Problem description =>
In your reply, reproduce every line of the data without any alteration.

[Collected data]
════════

(* Fix $j$ with $\ell+1\le j\le n$, a nonzero linear form $\alpha_j=\sum_{i=1}^{\ell}a_{ji}x_i\in S=\mathbb{K}[x_1,\dots,x_\ell]$. Let $M_j\subseteq S^\ell$ be the $S$-module of all tuples $(k_1,\dots,k_\ell)\in S^\ell$ for which there exists $k_j\in S$ with $$k_j\,\alpha_j=\sum_{i=1}^{\ell}k_i\,a_{ji}x_i .$$ Then $M_j$ is generated as an $S$-module by the set $$G_j=\{e\}\cup\{e_r : a_{jr}=0\}\cup\{a_{jt}x_t\,e_s-a_{js}x_s\,e_t : a_{jt}a_{js}\neq 0\},$$ where $e=(1,1,\dots,1)$ and $e_r$ is the $r$-th standard basis vector of $S^\ell$.
   Context: This is the $j$-th equation of the system $k_j\alpha_j=\sum_{i=1}^\ell k_i(a_{ji}x_i)$, $\ell+1\le j\le n$, arising (via Theorem 2.1 / Corollary 2.2 of the paper) for an arrangement with canonical defining polynomial $Q=x_1\cdots x_\ell\,\alpha_{\ell+1}\cdots\alpha_n$, where $\theta(x_i)=k_ix_i$ and $\theta(\alpha_j)=k_j\alpha_j$ for a logarithmic derivation $\theta$. *)

theory Defs
  imports "HOL-Library.Poly_Mapping"
begin

text \<open>Multivariate polynomials over a field K, represented as finitely supported maps
from monomials (exponent vectors, nat =>0 nat) to coefficients.
The ring S = K[x_1,...,x_l] is the subset of polynomials only involving the variables 1..l.\<close>

type_synonym 'a mpol = "(nat \<Rightarrow>\<^sub>0 nat) \<Rightarrow>\<^sub>0 'a"

definition Var :: "nat \<Rightarrow> 'a::field mpol" where
  "Var i = Poly_Mapping.single (Poly_Mapping.single i 1) 1"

════════

Completed task =>
(* Fix $j$ with $\ell+1\le j\le n$, a nonzero linear form $\alpha_j=\sum_{i=1}^{\ell}a_{ji}x_i\in S=\mathbb{K}[x_1,\dots,x_\ell]$. Let $M_j\subseteq S^\ell$ be the $S$-module of all tuples $(k_1,\dots,k_\ell)\in S^\ell$ for which there exists $k_j\in S$ with $$k_j\,\alpha_j=\sum_{i=1}^{\ell}k_i\,a_{ji}x_i .$$ Then $M_j$ is generated as an $S$-module by the set $$G_j=\{e\}\cup\{e_r : a_{jr}=0\}\cup\{a_{jt}x_t\,e_s-a_{js}x_s\,e_t : a_{jt}a_{js}\neq 0\},$$ where $e=(1,1,\dots,1)$ and $e_r$ is the $r$-th standard basis vector of $S^\ell$.
   Context: This is the $j$-th equation of the system $k_j\alpha_j=\sum_{i=1}^\ell k_i(a_{ji}x_i)$, $\ell+1\le j\le n$, arising (via Theorem 2.1 / Corollary 2.2 of the paper) for an arrangement with canonical defining polynomial $Q=x_1\cdots x_\ell\,\alpha_{\ell+1}\cdots\alpha_n$, where $\theta(x_i)=k_ix_i$ and $\theta(\alpha_j)=k_j\alpha_j$ for a logarithmic derivation $\theta$. *)

theory Defs
  imports "HOL-Library.Poly_Mapping"
begin

text \<open>Multivariate polynomials over a field K, represented as finitely supported maps
from monomials (exponent vectors, nat =>0 nat) to coefficients.
The ring S = K[x_1,...,x_l] is the subset of polynomials only involving the variables 1..l.\<close>

type_synonym 'a mpol = "(nat \<Rightarrow>\<^sub>0 nat) \<Rightarrow>\<^sub>0 'a"

definition Var :: "nat \<Rightarrow> 'a::field mpol" where
  "Var i = Poly_Mapping.single (Poly_Mapping.single i 1) 1"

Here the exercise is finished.